Steven Crowder to hold Michigan rally demanding answers from Gov. Gretchen Whitmer on virus deaths in nursing homes
Tarah Price - September 28, 2020 at 02:09PM
BlazeTV host Steven Crowder will host a rally in Michigan to demand answers from the state government on how many lives COVID-19 claimed in senior care facilities.
Crowder announced Monday that the first 1,000 people to attend his rally at noon ET Friday at the Michigan state Capitol in Lansing will get a "How Many Seniors?" sign. He wants to organize activists to pressure Michigan Gov. Gretchen Whitmer (D) to release data on nursing home deaths during the coronavirus pandemic.
The COVID-19 death toll in all categories of long-term care facilities in Michigan remains a mystery. Although the state has reportedly been collecting data on coronavirus deaths since May 29, Michigan has not reported all of its data as other states have.
At the onset of the pandemic, Whitmer, like New York Gov. Andrew Cuomo (D), issued an executive order requiring nursing home facilities at less than 80% capacity to take in coronavirus patients. While her policy required infected residents to be housed in separate wings and attended by different staff than healthy residents, state inspections revealed that did not happen.
In June, the state reported that 1,947 nursing home residents and 20 staff members died of COVID-19. Those deaths account for one-third of all virus deaths in Michigan. It is not clear how many of those individuals were quarantined in nursing homes under Whitmer's coronavirus policies.

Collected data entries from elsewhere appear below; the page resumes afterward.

lemma sum_exp_fibre_le:
  fixes g :: "'b \<Rightarrow> real" and E :: real
  assumes "finite C" and "E \<ge> 0"
    and fibre: "\<And>x. x \<in> C \<Longrightarrow>
      (\<Sum>y\<in>{y\<in>C. f y = f x}. exp (l * (average {y\<in>C. f y = f x} g - g y)))
        \<le> card {y\<in>C. f y = f x} * E"
  shows "(\<Sum>x\<in>C. exp (l * (m - g x)))
           \<le> E * (\<Sum>x\<in>C. exp (l * (m - average {y\<in>C. f y = f x} g)))"
proof -
  define F where "F a = {y\<in>C. f y = a}" for a
  define \<nu> where "\<nu> a = average (F a) g" for a
  have group: "(\<Sum>x\<in>C. h x) = (\<Sum>a\<in>f ` C. \<Sum>x\<in>F a. h x)" for h :: "_ \<Rightarrow> real"
    unfolding F_def by (rule sum.group[OF assms(1) finite_imageI[OF assms(1)] subset_refl, symmetric])
  have "(\<Sum>x\<in>C. exp (l * (m - g x)))
          = (\<Sum>a\<in>f ` C. exp (l * (m - \<nu> a)) * (\<Sum>x\<in>F a. exp (l * (\<nu> a - g x))))"
    by (subst group) (simp add: sum_distrib_left algebra_simps flip: exp_add)
  also have "\<dots> \<le> (\<Sum>a\<in>f ` C. exp (l * (m - \<nu> a)) * (card (F a) * E))"
    using fibre by (intro sum_mono mult_left_mono) (auto simp: F_def \<nu>_def)
  also have "\<dots> = E * (\<Sum>a\<in>f ` C. \<Sum>x\<in>F a. exp (l * (m - \<nu> a)))"
    by (simp add: sum_distrib_left mult_ac)
  also have "\<dots> = E * (\<Sum>x\<in>C. exp (l * (m - \<nu> (f x))))"
    by (simp only: group[of "\<lambda>x. exp (l * (m - \<nu> (f x)))"]) (auto simp: F_def intro!: sum.cong)
  finally show ?thesis
    by (simp add: F_def \<nu>_def)
qed

lemma sum_exp_fibre_average_le:
  fixes g :: "'b \<Rightarrow> real"
  assumes "finite C" and "l \<ge> 0"
    and differences: "\<And>x y. x \<in> C \<Longrightarrow> y \<in> C \<Longrightarrow>
      \<bar>average {z\<in>C. f z = f x} g - average {z\<in>C. f z = f y} g\<bar> \<le> c"
  shows "(\<Sum>x\<in>C. exp (l * (average C g - average {y\<in>C. f y = f x} g))) \<le> card C * exp (l\<^sup>2 * c\<^sup>2 / 8)"
proof (cases "C = {}")
  case False
  define m where "m = average C g"
  define \<nu> where "\<nu> x = average {y\<in>C. f y = f x} g" for x
  define T where "T = \<nu> ` C"
  have "finite T" "T \<noteq> {}"
    using \<open>finite C\<close> False by (auto simp: T_def)
  obtain x1 x2 where "x1 \<in> C" "Max T = \<nu> x1" "x2 \<in> C" "Min T = \<nu> x2"
    using Max_in[OF \<open>finite T\<close> \<open>T \<noteq> {}\<close>] Min_in[OF \<open>finite T\<close> \<open>T \<noteq> {}\<close>]
    unfolding T_def by blast
  then have "Max T - Min T \<le> c"
    using differences[of x1 x2] by (simp add: \<nu>_def)
  moreover have "Min T \<le> Max T"
    using \<open>finite T\<close> \<open>T \<noteq> {}\<close> by simp
  ultimately have range: "((m - Min T) - (m - Max T))\<^sup>2 \<le> c\<^sup>2"
    by (intro power_mono) auto
  have "(\<Sum>x\<in>C. m - \<nu> x) = 0"
    using \<open>finite C\<close> False sum_fibre_average[OF \<open>finite C\<close>, of f g]
    by (simp add: sum_subtractf m_def \<nu>_def average_def card_gt_0_iff)
  then have "(\<Sum>x\<in>C. exp (l * (m - \<nu> x))) \<le> card C * exp (l\<^sup>2 * ((m - Min T) - (m - Max T))\<^sup>2 / 8)"
    using \<open>finite C\<close> \<open>finite T\<close> \<open>l \<ge> 0\<close>
    by (intro Hoeffdings_lemma_sum_exp) (auto simp: T_def)
  also have "\<dots> \<le> card C * exp (l\<^sup>2 * c\<^sup>2 / 8)"
    using range by (intro mult_left_mono) (simp_all add: mult_left_mono divide_right_mono)
  finally show ?thesis
    by (simp add: m_def \<nu>_def)
qed simp

definition extending :: "'b list set \<Rightarrow> 'b list \<Rightarrow> 'b list set" where
  "extending S p = {xs\<in>S. take (length p) xs = p}"

lemma extending_snoc:
  assumes "\<And>xs. xs \<in> S \<Longrightarrow> length p < length xs"
  shows "extending S (p @ [a]) = {xs\<in>extending S p. xs ! length p = a}"
  using assms by (auto simp: extending_def take_Suc_conv_app_nth)

(* Azuma's inequality for the Doob martingale p \<mapsto> average (extending S p) g, which reveals the
   list one entry at a time; the hypothesis differences bounds its increments. *)
lemma sum_exp_deviation_extending_le:
  fixes g :: "'b list \<Rightarrow> real"
  assumes "finite S" and length: "\<And>xs. xs \<in> S \<Longrightarrow> length xs = length p + r"
    and differences: "\<And>p a b. extending S (p @ [a]) \<noteq> {} \<Longrightarrow> extending S (p @ [b]) \<noteq> {} \<Longrightarrow>
      \<bar>average (extending S (p @ [a])) g - average (extending S (p @ [b])) g\<bar> \<le> c"
    and "l \<ge> 0"
  shows "(\<Sum>xs\<in>extending S p. exp (l * (average (extending S p) g - g xs)))
           \<le> card (extending S p) * exp (l\<^sup>2 * c\<^sup>2 * r / 8)"
  using length
proof (induction r arbitrary: p)
  case 0
  then have "extending S p \<subseteq> {p}"
    by (auto simp: extending_def)
  then consider "extending S p = {}" | "extending S p = {p}"
    by blast
  then show ?case
    by cases (auto simp: average_def)
next
  case (Suc r)
  define C where "C = extending S p"
  define m where "m = average C g"
  have "finite C"
    using \<open>finite S\<close> by (simp add: C_def extending_def)
  have fibre: "{ys\<in>C. ys ! length p = a} = extending S (p @ [a])" for a
    unfolding C_def using Suc.prems by (subst extending_snoc) auto
  have "(\<Sum>xs\<in>C. exp (l * (m - g xs)))
      \<le> exp (l\<^sup>2 * c\<^sup>2 * r / 8) * (\<Sum>xs\<in>C. exp (l * (m - average {ys\<in>C. ys ! length p = xs ! length p} g)))"
    using \<open>finite C\<close>
  proof (rule sum_exp_fibre_le)
    fix xs
    show "(\<Sum>ys\<in>{ys\<in>C. ys ! length p = xs ! length p}.
             exp (l * (average {ys\<in>C. ys ! length p = xs ! length p} g - g ys)))
          \<le> card {ys\<in>C. ys ! length p = xs ! length p} * exp (l\<^sup>2 * c\<^sup>2 * r / 8)"
      unfolding fibre using Suc.prems by (intro Suc.IH) auto
  qed simp
  also have "(\<Sum>xs\<in>C. exp (l * (m - average {ys\<in>C. ys ! length p = xs ! length p} g)))
      \<le> card C * exp (l\<^sup>2 * c\<^sup>2 / 8)"
    unfolding m_def using \<open>finite C\<close> \<open>l \<ge> 0\<close>
  proof (rule sum_exp_fibre_average_le)
    fix xs ys
    assume "xs \<in> C" "ys \<in> C"
    then have "extending S (p @ [xs ! length p]) \<noteq> {}" "extending S (p @ [ys ! length p]) \<noteq> {}"
      unfolding fibre[symmetric] by auto
    then show "\<bar>average {zs\<in>C. zs ! length p = xs ! length p} g
        - average {zs\<in>C. zs ! length p = ys ! length p} g\<bar> \<le> c"
      unfolding fibre by (rule differences)
  qed
  finally show ?case
    by (simp add: C_def m_def mult_ac flip: exp_add) (simp add: field_simps)
qed

lemma card_lower_deviation_le:
  fixes g :: "'b list \<Rightarrow> real"
  assumes "finite S" and length: "\<And>xs. xs \<in> S \<Longrightarrow> length xs = L"
    and differences: "\<And>p a b. extending S (p @ [a]) \<noteq> {} \<Longrightarrow> extending S (p @ [b]) \<noteq> {} \<Longrightarrow>
      \<bar>average (extending S (p @ [a])) g - average (extending S (p @ [b])) g\<bar> \<le> c"
    and "t \<ge> 0"
  shows "card {xs\<in>S. g xs \<le> average S g - t} \<le> card S * exp (- 2 * t\<^sup>2 / (L * c\<^sup>2))"
proof (cases "L * c\<^sup>2 = 0")
  case True
  have "card {xs\<in>S. g xs \<le> average S g - t} \<le> card S"
    using \<open>finite S\<close> by (intro card_mono) auto
  with True show ?thesis
    by auto
next
  case False
  define l where "l = 4 * t / (L * c\<^sup>2)"
  define Bad where "Bad = {xs\<in>S. g xs \<le> average S g - t}"
  have "l \<ge> 0"
    using \<open>t \<ge> 0\<close> by (simp add: l_def)
  have "card Bad * exp (l * t) = (\<Sum>xs\<in>Bad. exp (l * t))"
    by simp
  also have "\<dots> \<le> (\<Sum>xs\<in>Bad. exp (l * (average S g - g xs)))"
    using \<open>l \<ge> 0\<close> by (intro sum_mono) (auto simp: Bad_def mult_left_mono)
  also have "\<dots> \<le> (\<Sum>xs\<in>S. exp (l * (average S g - g xs)))"
    using \<open>finite S\<close> by (intro sum_mono2) (auto simp: Bad_def)
  also have "\<dots> \<le> card S * exp (l\<^sup>2 * c\<^sup>2 * L / 8)"
    using sum_exp_deviation_extending_le[OF \<open>finite S\<close> _ differences \<open>l \<ge> 0\<close>, of "[]" L] length
    by (simp add: extending_def)
  finally have "card Bad \<le> card S * exp (l\<^sup>2 * c\<^sup>2 * L / 8) / exp (l * t)"
    by (simp add: field_simps)
  also have "\<dots> = card S * exp (l\<^sup>2 * c\<^sup>2 * L / 8 - l * t)"
    by (simp add: exp_diff)
  also have "l\<^sup>2 * c\<^sup>2 * L / 8 - l * t = - 2 * t\<^sup>2 / (L * c\<^sup>2)"
    using False by (simp add: l_def field_simps power2_eq_square)
  finally show ?thesis
    by (simp add: Bad_def)
qed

The Trump administration's Department of Justice has requested nursing home data from four states, including Michigan and New York, as part of an investigation into their nursing home policies and executive orders requiring nursing homes to admit COVID-19 patients into their facilities. The DOJ is seeking reports on the number of people nursing homes in these states admitted from a hospital or other medical facility after testing positive for COVID-19.
The federal government also wants data on the number of residents, employees, and visitors of public nursing homes who contracted the virus, without regard to where they contracted it, and how many of those individuals died.

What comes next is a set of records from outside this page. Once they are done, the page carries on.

text \<open>The two outer legs of the path of the next lemma are far apart: either the first leg is
  short compared with \<open>Cc\<close>, or the middle leg is long compared with both outer legs.\<close>
lemma projection_path_far_pieces:
  assumes M: "y \<in> M" "y' \<in> M" "p1 \<in> M" "p2 \<in> M" "e \<in> M"
    and "d y p1 \<le> a" and "d p2 y' + d y' e = c" and "c \<le> d e p1"
    and "2*a \<le> Cc \<or> 2*(a + c) \<le> d p1 p2" and "0 \<le> Cc"
  shows "(d y p1 + d p1 p2 + d p2 y')/3 - Cc \<le> d y y'" "d y y' \<le> d y p1 + d p1 p2 + d p2 y'"
proof -
  have "d p1 p2 \<le> d p1 y + d y y' + d y' p2" "d e p1 \<le> d e y' + d y' y + d y p1"
    using triangle4[OF M(3,1,2,4)] triangle4[OF M(5,2,1,3)] .
  moreover note commute[of p1 y] commute[of y' p2] commute[of y' y] commute[of e y']
    nonneg[of y p1] nonneg[of y' e] assms(6-)
  ultimately show "(d y p1 + d p1 p2 + d p2 y')/3 - Cc \<le> d y y'" by (elim disjE) argo+
  show "d y y' \<le> d y p1 + d p1 p2 + d p2 y'" using triangle4[OF M(1,3,4,2)] .
qed

text \<open>The projection path from \<open>c\<close> to its closest point \<open>\<zeta> \<sigma>1\<close>, along \<open>\<zeta>\<close>, and from the closest
  point \<open>\<zeta> \<sigma>\<close> of \<open>e\<close> on to \<open>e\<close>.\<close>
lemma projection_path_quasigeodesic:
  fixes A1 C1 Cc :: real
  assumes g1: "isometric_on M d g1 {0..A1}" "g1 0 = c" "g1 A1 = \<zeta> \<sigma>1"
  and z: "isometric_on M d \<zeta> {\<sigma>1..\<sigma>}" "\<sigma>1 \<le> \<sigma>"
  and g3: "isometric_on M d g3 {0..C1}" "g3 0 = \<zeta> \<sigma>" "g3 C1 = e"
  and hc: "\<forall>t\<in>{\<sigma>1..\<sigma>}. A1 \<le> d c (\<zeta> t)"
  and he: "\<forall>t\<in>{\<sigma>1..\<sigma>}. C1 \<le> d e (\<zeta> t)"
  and nn: "0 \<le> A1" "0 \<le> C1" "0 \<le> Cc"
  and cond: "2*A1 \<le> Cc \<or> 2*(A1+C1) \<le> \<sigma> - \<sigma>1"
  shows "quasigeodesic M d 3 Cc (\<lambda>t. if t \<le> A1 then g1 t else if t \<le> A1 + (\<sigma>-\<sigma>1) then \<zeta> (\<sigma>1 + (t - A1)) else g3 (t - A1 - (\<sigma>-\<sigma>1))) 0 (A1 + (\<sigma> - \<sigma>1) + C1)"
    (is "quasigeodesic M d 3 Cc ?q 0 ?T")
proof -
  define L1 where "L1 = \<sigma> - \<sigma>1"
  have L1: "0 \<le> L1" using z(2) L1_def by simp
  have ends: "0 \<in> {0..A1}" "A1 \<in> {0..A1}" "\<sigma>1 \<in> {\<sigma>1..\<sigma>}" "\<sigma> \<in> {\<sigma>1..\<sigma>}" "0 \<in> {0..C1}" "C1 \<in> {0..C1}"
    using nn z(2) by auto
  note G1 = isometric_on_segment[OF g1] and Z = isometric_on_segment[OF z(1) refl refl]
    and G3 = isometric_on_segment[OF g3]
  have cM: "c \<in> M" "e \<in> M" using G1(1)[OF ends(1)] G3(1)[OF ends(6)] g1(2) g3(3) by auto
  have dc: "d c (\<zeta> \<sigma>1) = A1" and de: "d e (\<zeta> \<sigma>) = C1"
    using G1(2)[OF ends(2)] G3(3)[OF ends(5)] g1 g3 commute[of e] by auto
  have P12: "(A1 - s + (t - \<sigma>1))/3 \<le> d (g1 s) (\<zeta> t) \<and> d (g1 s) (\<zeta> t) \<le> A1 - s + (t - \<sigma>1)"
    if s: "s \<in> {0..A1}" and t: "t \<in> {\<sigma>1..\<sigma>}" for s t
  proof
    have "d (g1 s) (\<zeta> \<sigma>1) + d (\<zeta> \<sigma>1) (\<zeta> t) \<le> 3 * d (g1 s) (\<zeta> t) + 2 * 0"
      by (rule closest_point_corner[of c]) (use cM G1[OF s] Z[OF ends(3)] Z[OF t] hc t dc in auto)
    then show "(A1 - s + (t - \<sigma>1))/3 \<le> d (g1 s) (\<zeta> t)" using G1[OF s] Z[OF t] by argo
    show "d (g1 s) (\<zeta> t) \<le> A1 - s + (t - \<sigma>1)"
      using triangle[of "g1 s" "\<zeta> \<sigma>1" "\<zeta> t"] G1[OF s] Z[OF ends(3)] Z[OF t] by simp
  qed
  have P23: "(\<sigma> - t + \<tau>)/3 \<le> d (\<zeta> t) (g3 \<tau>) \<and> d (\<zeta> t) (g3 \<tau>) \<le> \<sigma> - t + \<tau>"
    if t: "t \<in> {\<sigma>1..\<sigma>}" and u: "\<tau> \<in> {0..C1}" for t \<tau>
  proof
    have "d (g3 \<tau>) (\<zeta> \<sigma>) + d (\<zeta> \<sigma>) (\<zeta> t) \<le> 3 * d (g3 \<tau>) (\<zeta> t) + 2 * 0"
      by (rule closest_point_corner[of e])
        (use cM G3[OF u] Z[OF ends(4)] Z[OF t] he t de commute[of e "g3 \<tau>"]
          commute[of "g3 \<tau>" "\<zeta> \<sigma>"] in auto)
    then show "(\<sigma> - t + \<tau>)/3 \<le> d (\<zeta> t) (g3 \<tau>)"
      using G3[OF u] Z[OF t] commute[of "g3 \<tau>" "\<zeta> \<sigma>"] commute[of "g3 \<tau>" "\<zeta> t"]
        commute[of "\<zeta> \<sigma>" "\<zeta> t"] by argo
    show "d (\<zeta> t) (g3 \<tau>) \<le> \<sigma> - t + \<tau>"
      using triangle[of "\<zeta> t" "\<zeta> \<sigma>" "g3 \<tau>"] G3[OF u] Z[OF ends(4)] Z[OF t] by simp
  qed
  have P13: "(A1 - s + L1 + \<tau>)/3 - Cc \<le> d (g1 s) (g3 \<tau>) \<and> d (g1 s) (g3 \<tau>) \<le> A1 - s + L1 + \<tau>"
    if s: "s \<in> {0..A1}" and u: "\<tau> \<in> {0..C1}" for s \<tau>
  proof -
    have "d (g1 s) (\<zeta> \<sigma>1) = A1 - s" "d (\<zeta> \<sigma>1) (\<zeta> \<sigma>) = L1" "d (\<zeta> \<sigma>) (g3 \<tau>) = \<tau>"
      using G1[OF s] Z[OF ends(4)] G3[OF u] L1_def by auto
    moreover have "d (g1 s) (\<zeta> \<sigma>1) \<le> A1" "d (\<zeta> \<sigma>) (g3 \<tau>) + d (g3 \<tau>) e = C1" "C1 \<le> d e (\<zeta> \<sigma>1)"
      "2*A1 \<le> Cc \<or> 2*(A1 + C1) \<le> d (\<zeta> \<sigma>1) (\<zeta> \<sigma>)"
      using G1[OF s] G3[OF u] Z[OF ends(4)] he ends(3) cond s by auto
    note projection_path_far_pieces[OF G1(1)[OF s] G3(1)[OF u] Z(1)[OF ends(3)] Z(1)[OF ends(4)] cM(2)
      this nn(3)]
    ultimately show ?thesis by simp
  qed
  show ?thesis
  proof (rule quasigeodesic_intro_ordered)
    show "0 \<le> ?T" using nn L1 L1_def by simp
    show "?q ` {0..?T} \<subseteq> M" using G1 Z G3 by (auto simp: L1_def)
    fix u v assume u: "u \<in> {0..?T}" and v: "v \<in> {0..?T}" and uv: "u \<le> v"
    consider (a) "v \<le> A1" | (b) "u \<le> A1" "A1 < v" "v \<le> A1 + L1" | (c) "u \<le> A1" "A1 + L1 < v"
      | (d) "A1 < u" "u \<le> A1 + L1" "v \<le> A1 + L1" | (e) "A1 < u" "u \<le> A1 + L1" "A1 + L1 < v"
      | (f) "A1 + L1 < u" using uv by linarith
    then show "(v - u)/3 - Cc \<le> d (?q u) (?q v) \<and> d (?q u) (?q v) \<le> 3*(v - u) + Cc"
    proof cases
      case a
      then have "d (?q u) (?q v) = v - u" using isometric_on_dist[OF g1(1), of u v] u v uv by auto
      then show ?thesis using nn uv by argo
    next
      case b
      then have q: "?q u = g1 u" "?q v = \<zeta> (\<sigma>1 + (v - A1))"
        and "u \<in> {0..A1}" "\<sigma>1 + (v - A1) \<in> {\<sigma>1..\<sigma>}" using u v L1_def by auto
      from P12[OF this(3,4)] show ?thesis using nn uv unfolding q by argo
    next
      case c
      then have q: "?q u = g1 u" "?q v = g3 (v - A1 - L1)"
        and "u \<in> {0..A1}" "v - A1 - L1 \<in> {0..C1}" using u v L1 L1_def by auto
      from P13[OF this(3,4)] show ?thesis using nn uv unfolding q L1_def by argo
    next
      case d
      then have "d (?q u) (?q v) = v - u"
        using isometric_on_dist[OF z(1), of "\<sigma>1 + (u - A1)" "\<sigma>1 + (v - A1)"] u v uv L1_def by auto
      then show ?thesis using nn uv by argo
    next
      case e
      then have q: "?q u = \<zeta> (\<sigma>1 + (u - A1))" "?q v = g3 (v - A1 - L1)"
        and "\<sigma>1 + (u - A1) \<in> {\<sigma>1..\<sigma>}" "v - A1 - L1 \<in> {0..C1}" using u v L1 L1_def by auto
      from P23[OF this(3,4)] show ?thesis using nn uv unfolding q L1_def by argo
    next
      case f
      then have "d (?q u) (?q v) = v - u"
        using isometric_on_dist[OF g3(1), of "u - A1 - L1" "v - A1 - L1"] u v uv L1_def nn L1 by auto
      then show ?thesis using nn uv by argo
    qed
  qed
qed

"Protecting the rights of some of society's most vulnerable members, including elderly nursing home residents, is one of our country's most important obligations," Eric Dreiband, the assistant attorney general for the Civil Rights Division, said in a statement. "We must ensure they are adequately cared for with dignity and respect and not unnecessarily put at risk."
Whitmer and Cuomo accused the Trump administration of politicizing their policies in a joint statement released in August after the DOJ made its request.

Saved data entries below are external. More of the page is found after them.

(* Let $F$ be a continuous distribution function on $[0,\infty)$ with density $f$ whose support is $[0,\infty)$, where $f$ is bounded in a neighbourhood of $0$, differentiable on $(0,\infty)$, and satisfies $$f'\big(F^{-1}(x)\big) \le -\frac{f\big(F^{-1}(x)\big)}{1+F^{-1}(x)} \quad \text{for all } x\in(0,1).$$ Fix $\lambda' \in (0,2]$ and $c \ge 0$. For $q \in [\max(0,\lambda'-1), \lambda'/2]$ let $\tau_b(q) = F^{-1}(1-q)$ and $\tau_a(q) = F^{-1}(1-(\lambda'-q))$ (so $\tau_a(q)\le\tau_b(q)$, user $b$ has feedback probability $q$ and user $a$ has feedback probability $\lambda'-q$, with the convention $F^{-1}(1)=+\infty$), let $Y_a, Y_b$ be independent with distribution function $F$, $\bar Y_a = Y_a\mathbf 1\{Y_a\ge \tau_a(q)\}$, $\bar Y_b = Y_b\mathbf 1\{Y_b\ge\tau_b(q)\}$, and $$\Psi(q\mid c) = \mathbb{E}\big[\log\big(1+\max\{\bar Y_a,\bar Y_b,c\}\big)\big].$$ Then $q \mapsto \Psi(q\mid c)$ is nondecreasing on $[\max(0,\lambda'-1), \lambda'/2]$.
   Context: Setting: a downlink vector broadcast channel; $Y_a,Y_b$ model the beam-1 SINRs of two distinct users whose total feedback probability $\lambda'$ is held fixed while $q$ moves the two feedback probabilities toward each other ($q=\lambda'/2$ meaning equal probabilities, i.e. equal thresholds). The constant $c$ plays the role of the maximum truncated beam-1 SINR over all other users (independent of $Y_a,Y_b$), so $\Psi(q\mid c)$ is the conditional expected beam-1 rate. $F^{-1}$ is the inverse of $F$ on $[0,\infty)$ (well defined since $F$ is continuous and strictly increasing there). Logarithms are natural. *)

theory Defs
  imports "HOL-Probability.Probability"
begin

definition Finv :: "(real \<Rightarrow> real) \<Rightarrow> real \<Rightarrow> real" where
  "Finv F x = (THE y. 0 \<le> y \<and> F y = x)"

definition Finv_ext :: "(real \<Rightarrow> real) \<Rightarrow> real \<Rightarrow> ereal" where
  "Finv_ext F x = (if 1 \<le> x then \<infinity> else ereal (Finv F x))"

definition trunc :: "ereal \<Rightarrow> real \<Rightarrow> real" where
  "trunc tau y = (if tau \<le> ereal y then y else 0)"

definition law :: "(real \<Rightarrow> real) \<Rightarrow> real measure" where
  "law f = density lborel (\<lambda>x. ennreal (f x))"

text \<open>The integrand is nonnegative,
  so the expectation is the (possibly infinite) nonnegative integral.\<close>
definition Psi :: "(real \<Rightarrow> real) \<Rightarrow> (real \<Rightarrow> real) \<Rightarrow> real \<Rightarrow> real \<Rightarrow> real \<Rightarrow> ennreal" where
  "Psi F f lam c q =
     (\<integral>\<^sup>+ p. ennreal (ln (1 + max (max (trunc (Finv_ext F (1 - (lam - q))) (fst p))
                                         (trunc (Finv_ext F (1 - q)) (snd p))) c))
        \<partial>(law f \<Otimes>\<^sub>M law f))"

end

theory Submission
  imports Defs
begin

"It is an inarguable fact that the United States has had the worst response to the COVID-19 virus of any nation in the world. Nearly 7 million Americans have tested positive for the virus, and more than 200,000 Americans have been killed by it — both more than any other country. The unprecedented and unacceptable scale of this tragedy is the direct result of President Trump and the federal government's deceit, political self-dealing, and incompetence," they asserted.
"Rather than turning to the advice and direction of public health experts and career public servants, President Trump instead put the health and security of the American people in the hands of political appointees whose first priority was securing the reelection of their benefactor, with predictably tragic results," the governors added.
Crowder's rally will feature new evidence, data, and testimony on nursing home deaths in Michigan, along with public demands that Whitmer release the full data available on these avoidable deaths.